Climate policy analysts said the framework was an important step forward, but fell short in continuing to allow government support for oil and gas projects that plan to reduce emissions through technologies such as carbon capture and storage (CCS).
The framework will apply to existing tax measures and 129 non-tax measures, but Ottawa will not cancel ongoing multi-year subsidy agreements that are already in place.
The government has not put a dollar value on the subsidies impacted, or published an inventory of exactly which subsidies are included.

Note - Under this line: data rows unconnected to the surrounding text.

(* Let $X=\{a,\dots,b\}\subseteq\mathbb{N}$ and let $f^p:\mathcal{P}^n\to X$ be a non-dictatorial generalized median voter scheme with monotonic family of fixed ballots $p=\{p_S\}_{S\in 2^N}$. Then $f^p$ is NOM if and only if, for each $i\in N$, $p_{N\setminus\{i\}}\in\{a,a+1\}$ and $p_{\{i\}}\in\{b-1,b\}$.
   Context: $N=\{1,\dots,n\}$, $n\ge2$; $X=\{a,a+1,\dots,b\}$, $|X|\ge2$; $\mathcal{P}$ all strict linear orders on $X$; $t(P_i)$ the top of $P_i$. A monotonic family of fixed ballots is $p=\{p_S\}_{S\subseteq N}$ with $p_S\in X$, $p_N=a$, $p_\emptyset=b$, and $p_Q\le p_T$ whenever $T\subseteq Q$. The generalized median voter scheme is $f^p(P)=\min_{S\subseteq N}\max_{j\in S}\{t(P_j),p_S\}$. A rule is dictatorial if there is $i$ with $f(P)=t(P_i)$ for all $P$. Option set $O(P_i)=\{f(P_i,P_{-i}):P_{-i}\in\mathcal{P}^{n-1}\}$. $P_i'$ is a manipulation at $P_i$ if $f(P_i',P_{-i})P_if(P_i,P_{-i})$ for some $P_{-i}$; it is obvious if the $P_i$-worst element of $O(P_i')$ is strictly $P_i$-better than that of $O(P_i)$, or the $P_i$-best element of $O(P_i')$ is strictly $P_i$-better than that of $O(P_i)$. NOM means no obvious manipulation exists. *)

theory Defs
  imports Main
begin

text \<open>A preference is a strict linear order on X, represented as a relation
  (x,y) \<in> R meaning "x is strictly preferred to y".  A profile is a
  function from voters to preferences (values outside N are irrelevant).\<close>

definition voters :: "nat \<Rightarrow> nat set" where
  "voters n = {1..n}"

definition is_pref :: "nat set \<Rightarrow> (nat \<times> nat) set \<Rightarrow> bool" where
  "is_pref X R \<longleftrightarrow> R \<subseteq> X \<times> X \<and> strict_linear_order_on X R"

definition is_profile :: "nat \<Rightarrow> nat set \<Rightarrow> (nat \<Rightarrow> (nat \<times> nat) set) \<Rightarrow> bool" where
  "is_profile n X P \<longleftrightarrow> (\<forall>i\<in>voters n. is_pref X (P i))"

definition top :: "nat set \<Rightarrow> (nat \<times> nat) set \<Rightarrow> nat" where
  "top X R = (THE x. x \<in> X \<and> (\<forall>y\<in>X. y \<noteq> x \<longrightarrow> (x, y) \<in> R))"

definition best_el :: "(nat \<times> nat) set \<Rightarrow> nat set \<Rightarrow> nat" where
  "best_el R A = (THE x. x \<in> A \<and> (\<forall>y\<in>A. y \<noteq> x \<longrightarrow> (x, y) \<in> R))"

definition worst_el :: "(nat \<times> nat) set \<Rightarrow> nat set \<Rightarrow> nat" where
  "worst_el R A = (THE x. x \<in> A \<and> (\<forall>y\<in>A. y \<noteq> x \<longrightarrow> (y, x) \<in> R))"

definition monotonic_ballots :: "nat \<Rightarrow> nat \<Rightarrow> nat \<Rightarrow> (nat set \<Rightarrow> nat) \<Rightarrow> bool" where
  "monotonic_ballots n a b p \<longleftrightarrow>
     (\<forall>S. S \<subseteq> voters n \<longrightarrow> p S \<in> {a..b}) \<and>
     p (voters n) = a \<and> p {} = b \<and>
     (\<forall>Q T. Q \<subseteq> voters n \<longrightarrow> T \<subseteq> Q \<longrightarrow> p Q \<le> p T)"

definition gmvs :: "nat \<Rightarrow> nat set \<Rightarrow> (nat set \<Rightarrow> nat) \<Rightarrow> (nat \<Rightarrow> (nat \<times> nat) set) \<Rightarrow> nat" where
  "gmvs n X p P = Min ((\<lambda>S. Max (insert (p S) ((\<lambda>j. top X (P j)) ` S))) ` Pow (voters n))"

definition dictatorial :: "nat \<Rightarrow> nat set \<Rightarrow> ((nat \<Rightarrow> (nat \<times> nat) set) \<Rightarrow> nat) \<Rightarrow> bool" where
  "dictatorial n X f \<longleftrightarrow>
     (\<exists>i\<in>voters n. \<forall>P. is_profile n X P \<longrightarrow> f P = top X (P i))"

definition option_set :: "nat \<Rightarrow> nat set \<Rightarrow> ((nat \<Rightarrow> (nat \<times> nat) set) \<Rightarrow> nat)
    \<Rightarrow> nat \<Rightarrow> (nat \<times> nat) set \<Rightarrow> nat set" where
  "option_set n X f i R = {f (P(i := R)) | P. is_profile n X P}"

definition manipulation :: "nat \<Rightarrow> nat set \<Rightarrow> ((nat \<Rightarrow> (nat \<times> nat) set) \<Rightarrow> nat)
    \<Rightarrow> nat \<Rightarrow> (nat \<times> nat) set \<Rightarrow> (nat \<times> nat) set \<Rightarrow> bool" where
  "manipulation n X f i R R' \<longleftrightarrow>
     (\<exists>P. is_profile n X P \<and> (f (P(i := R')), f (P(i := R))) \<in> R)"

definition obvious_manipulation :: "nat \<Rightarrow> nat set \<Rightarrow> ((nat \<Rightarrow> (nat \<times> nat) set) \<Rightarrow> nat)
    \<Rightarrow> nat \<Rightarrow> (nat \<times> nat) set \<Rightarrow> (nat \<times> nat) set \<Rightarrow> bool" where
  "obvious_manipulation n X f i R R' \<longleftrightarrow>
     manipulation n X f i R R' \<and>
     ((worst_el R (option_set n X f i R'), worst_el R (option_set n X f i R)) \<in> R \<or>
      (best_el R (option_set n X f i R'), best_el R (option_set n X f i R)) \<in> R)"

definition NOM :: "nat \<Rightarrow> nat set \<Rightarrow> ((nat \<Rightarrow> (nat \<times> nat) set) \<Rightarrow> nat) \<Rightarrow> bool" where
  "NOM n X f \<longleftrightarrow>
     \<not> (\<exists>i\<in>voters n. \<exists>R R'. is_pref X R \<and> is_pref X R' \<and> obvious_manipulation n X f i R R')"

end

theory Submission
  imports Defs
begin

text \<open>Write \<open>L = p (N - {i})\<close> and \<open>U = p {i}\<close>. If voter \<open>i\<close> reports a top \<open>t\<close>, the
  other voters can force every outcome in \<open>[min t L, max t U]\<close> (by all reporting it as their
  top) and nothing else, so this interval is the option set of \<open>i\<close>. When \<open>L \<le> a + 1\<close> and
  \<open>U \<ge> b - 1\<close>, changing the reported top can remove no option except \<open>t\<close> itself, so neither
  the best nor the worst option improves. Otherwise, say \<open>L > a + 1\<close>, a preference with a
  suitable top \<open>t\<close> and bottom \<open>s\<close> has \<open>s\<close> among its options while another top \<open>t'\<close> excludes
  \<open>s\<close>, which improves the worst option; the one configuration where this fails,
  \<open>L = b\<close> and \<open>U = a\<close>, makes \<open>i\<close> a dictator.\<close>

lemma is_pref_converse: "is_pref X R \<Longrightarrow> is_pref X (R\<inverse>)"
  unfolding is_pref_def strict_linear_order_on_def by auto

lemma is_pref_asym: "is_pref X R \<Longrightarrow> asym R"
  unfolding is_pref_def strict_linear_order_on_def
  by (meson asymI irrefl_def transD)

lemma best_el_eqI:
  assumes "is_pref X R" "x \<in> A" "\<forall>y\<in>A. y \<noteq> x \<longrightarrow> (x, y) \<in> R"
  shows "best_el R A = x"
  unfolding best_el_def
proof (rule the_equality)
  fix x' assume x': "x' \<in> A \<and> (\<forall>y\<in>A. y \<noteq> x' \<longrightarrow> (x', y) \<in> R)"
  show "x' = x"
  proof (rule ccontr)
    assume "x' \<noteq> x"
    then have "(x', x) \<in> R" "(x, x') \<in> R"
      using x' assms(2,3) by auto
    then show False
      using asymD[OF is_pref_asym[OF assms(1)]] by blast
  qed
qed (use assms in blast)

lemma best_el_best:
  assumes "is_pref X R" "finite X" "A \<subseteq> X" "A \<noteq> {}"
  shows "best_el R A \<in> A \<and> (\<forall>y\<in>A. y \<noteq> best_el R A \<longrightarrow> (best_el R A, y) \<in> R)"
proof -
  have "finite R" "trans R" "irrefl R" "total_on X R"
    using assms(1,2) finite_subset[of R "X \<times> X"]
    unfolding is_pref_def strict_linear_order_on_def by auto
  then have "wf R"
    by (simp add: finite_acyclic_wf acyclic_irrefl)
  then obtain z where z: "z \<in> A" "\<And>y. (y, z) \<in> R \<Longrightarrow> y \<notin> A"
    using assms(4) by (meson wfE_min')
  then have "\<forall>y\<in>A. y \<noteq> z \<longrightarrow> (z, y) \<in> R"
    using \<open>total_on X R\<close> assms(3) unfolding total_on_def by blast
  then show ?thesis
    using best_el_eqI[OF assms(1) z(1)] z(1) by simp
qed

lemma worst_el_eq_best_el_converse: "worst_el R A = best_el (R\<inverse>) A"
  unfolding worst_el_def best_el_def by simp

lemma worst_el_eqI:
  assumes "is_pref X R" "x \<in> A" "\<forall>y\<in>A. y \<noteq> x \<longrightarrow> (y, x) \<in> R"
  shows "worst_el R A = x"
  unfolding worst_el_eq_best_el_converse
  using best_el_eqI[OF is_pref_converse[OF assms(1)]] assms(2,3) by simp

lemma worst_el_worst:
  assumes "is_pref X R" "finite X" "A \<subseteq> X" "A \<noteq> {}"
  shows "worst_el R A \<in> A \<and> (\<forall>y\<in>A. y \<noteq> worst_el R A \<longrightarrow> (y, worst_el R A) \<in> R)"
  unfolding worst_el_eq_best_el_converse
  using best_el_best[OF is_pref_converse[OF assms(1)] assms(2-4)] by simp

lemma top_eq_best_el: "top X R = best_el R X"
  unfolding top_def best_el_def ..

lemma top_top:
  assumes "is_pref X R" "finite X" "X \<noteq> {}"
  shows "top X R \<in> X \<and> (\<forall>y\<in>X. y \<noteq> top X R \<longrightarrow> (top X R, y) \<in> R)"
  unfolding top_eq_best_el using best_el_best[OF assms(1,2) _ assms(3)] by simp

lemma not_pref_over_top:
  assumes "is_pref X R" "finite X" "X \<noteq> {}"
  shows "(x, top X R) \<notin> R"
proof
  assume xt: "(x, top X R) \<in> R"
  then have "x \<in> X" "(top X R, x) \<notin> R"
    using assms(1) asymD[OF is_pref_asym[OF assms(1)]] unfolding is_pref_def by blast+
  then show False
    using xt top_top[OF assms] by (cases "x = top X R") auto
qed

lemma worst_el_not_pref_over:
  assumes "is_pref X R" "finite X" "B \<subseteq> X" "z \<in> B" "z = w \<or> (w, z) \<in> R"
  shows "(worst_el R B, w) \<notin> R"
proof
  assume vw: "(worst_el R B, w) \<in> R"
  have "trans R" "asym R"
    using assms(1) is_pref_asym unfolding is_pref_def strict_linear_order_on_def by auto
  have "z = worst_el R B \<or> (z, worst_el R B) \<in> R"
    using worst_el_worst[OF assms(1-3)] assms(4) by blast
  then have zw: "(z, w) \<in> R"
    using vw \<open>trans R\<close> by (meson transD)
  then have "(w, z) \<notin> R"
    using asymD[OF \<open>asym R\<close>] by blast
  then show False
    using assms(5) zw by auto
qed

text \<open>Ranks \<open>t\<close> first, \<open>s\<close> last and the other alternatives in increasing order.\<close>

definition pref_top_bottom :: "nat set \<Rightarrow> nat \<Rightarrow> nat \<Rightarrow> (nat \<times> nat) set" where
  "pref_top_bottom X t s =
     {(x, y) \<in> X \<times> X. x \<noteq> y \<and> (x = t \<or> y \<noteq> t \<and> (y = s \<or> x \<noteq> s \<and> x < y))}"

lemma is_pref_pref_top_bottom: "is_pref X (pref_top_bottom X t s)"
  unfolding is_pref_def strict_linear_order_on_def pref_top_bottom_def
    trans_def irrefl_def total_on_def
  by auto

lemma top_pref_top_bottom: "t \<in> X \<Longrightarrow> top X (pref_top_bottom X t s) = t"
  unfolding top_eq_best_el
  by (rule best_el_eqI[OF is_pref_pref_top_bottom]) (auto simp: pref_top_bottom_def)

lemma pref_top_bottom_bottom:
  "s \<noteq> t \<Longrightarrow> s \<in> X \<Longrightarrow> y \<in> X \<Longrightarrow> y \<noteq> s \<Longrightarrow> (y, s) \<in> pref_top_bottom X t s"
  unfolding pref_top_bottom_def by auto

lemma option_setI: "is_profile n X P \<Longrightarrow> f (P(i := R)) \<in> option_set n X f i R"
  unfolding option_set_def by blast

lemma gmvs_le:
  assumes "S \<subseteq> voters n" "p S \<le> c" "\<And>j. j \<in> S \<Longrightarrow> top X (P j) \<le> c"
  shows "gmvs n X p P \<le> c"
proof -
  have "finite S"
    using assms(1) finite_subset unfolding voters_def by blast
  have "gmvs n X p P \<le> Max (insert (p S) ((\<lambda>j. top X (P j)) ` S))"
    unfolding gmvs_def using assms(1) by (intro Min_le) (auto simp: voters_def)
  also have "\<dots> \<le> c"
    using \<open>finite S\<close> assms(2,3) by simp
  finally show ?thesis .
qed

lemma le_gmvs:
  assumes "\<And>S. S \<subseteq> voters n \<Longrightarrow> c \<le> p S \<or> (\<exists>j\<in>S. c \<le> top X (P j))"
  shows "c \<le> gmvs n X p P"
  unfolding gmvs_def
proof (rule Min.boundedI)
  fix m assume "m \<in> (\<lambda>S. Max (insert (p S) ((\<lambda>j. top X (P j)) ` S))) ` Pow (voters n)"
  then obtain S where S: "S \<subseteq> voters n" and m: "m = Max (insert (p S) ((\<lambda>j. top X (P j)) ` S))"
    by blast
  have "finite S"
    using S finite_subset unfolding voters_def by blast
  then show "c \<le> m"
    unfolding m using assms[OF S] by (auto simp: Max_ge_iff)
qed (auto simp: voters_def)

locale monotonic_ballot_scheme =
  fixes n a b :: nat and p :: "nat set \<Rightarrow> nat"
  assumes a_le_b: "a \<le> b" and monotonic: "monotonic_ballots n a b p"
begin

lemma ballot_range: "S \<subseteq> voters n \<Longrightarrow> p S \<in> {a..b}"
  using monotonic unfolding monotonic_ballots_def by blast

lemma ballot_antimono: "T \<subseteq> Q \<Longrightarrow> Q \<subseteq> voters n \<Longrightarrow> p Q \<le> p T"
  using monotonic unfolding monotonic_ballots_def by blast

lemma ballot_voters: "p (voters n) = a"
  and ballot_empty: "p {} = b"
  using monotonic unfolding monotonic_ballots_def by blast+

lemma gmvs_between:
  assumes "i \<in> voters n"
  shows "min (top X (P i)) (p (voters n - {i})) \<le> gmvs n X p P"
    and "gmvs n X p P \<le> max (top X (P i)) (p {i})"
proof -
  show "min (top X (P i)) (p (voters n - {i})) \<le> gmvs n X p P"
  proof (rule le_gmvs)
    fix S assume S: "S \<subseteq> voters n"
    show "min (top X (P i)) (p (voters n - {i})) \<le> p S \<or>
        (\<exists>j\<in>S. min (top X (P i)) (p (voters n - {i})) \<le> top X (P j))"
    proof (cases "i \<in> S")
      case False
      then have "p (voters n - {i}) \<le> p S"
        using S by (intro ballot_antimono) auto
      then show ?thesis by (simp add: min_le_iff_disj)
    qed (metis min.cobounded1)
  qed
  show "gmvs n X p P \<le> max (top X (P i)) (p {i})"
    using assms by (intro gmvs_le[of "{i}"]) auto
qed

«This ensures that the only federal support for oil and gas goes to projects that decarbonize the sector and result in significant greenhouse gas emissions reductions,» federal Environment Minister Steven Guilbeault told a press conference.
Fossil fuel actives will be exempt from the framework if they fall into one of six categories: enabling significant carbon emissions reductions, supporting clean energy, providing essential energy to a remote community or short-term support for an emergency response, supporting Indigenous participation in fossil fuel activities or are projects that have a credible plan to reach net-zero by 2030.
Eliminating fossil fuel subsidies is part of a deal signed between Prime Minister Justin Trudeau's minority Liberal and the New Democratic Party (NDP), formalising NDP support.
The NDP critic for Climate Change and Environment, Laurel Collins, said the new rules did not go far enough.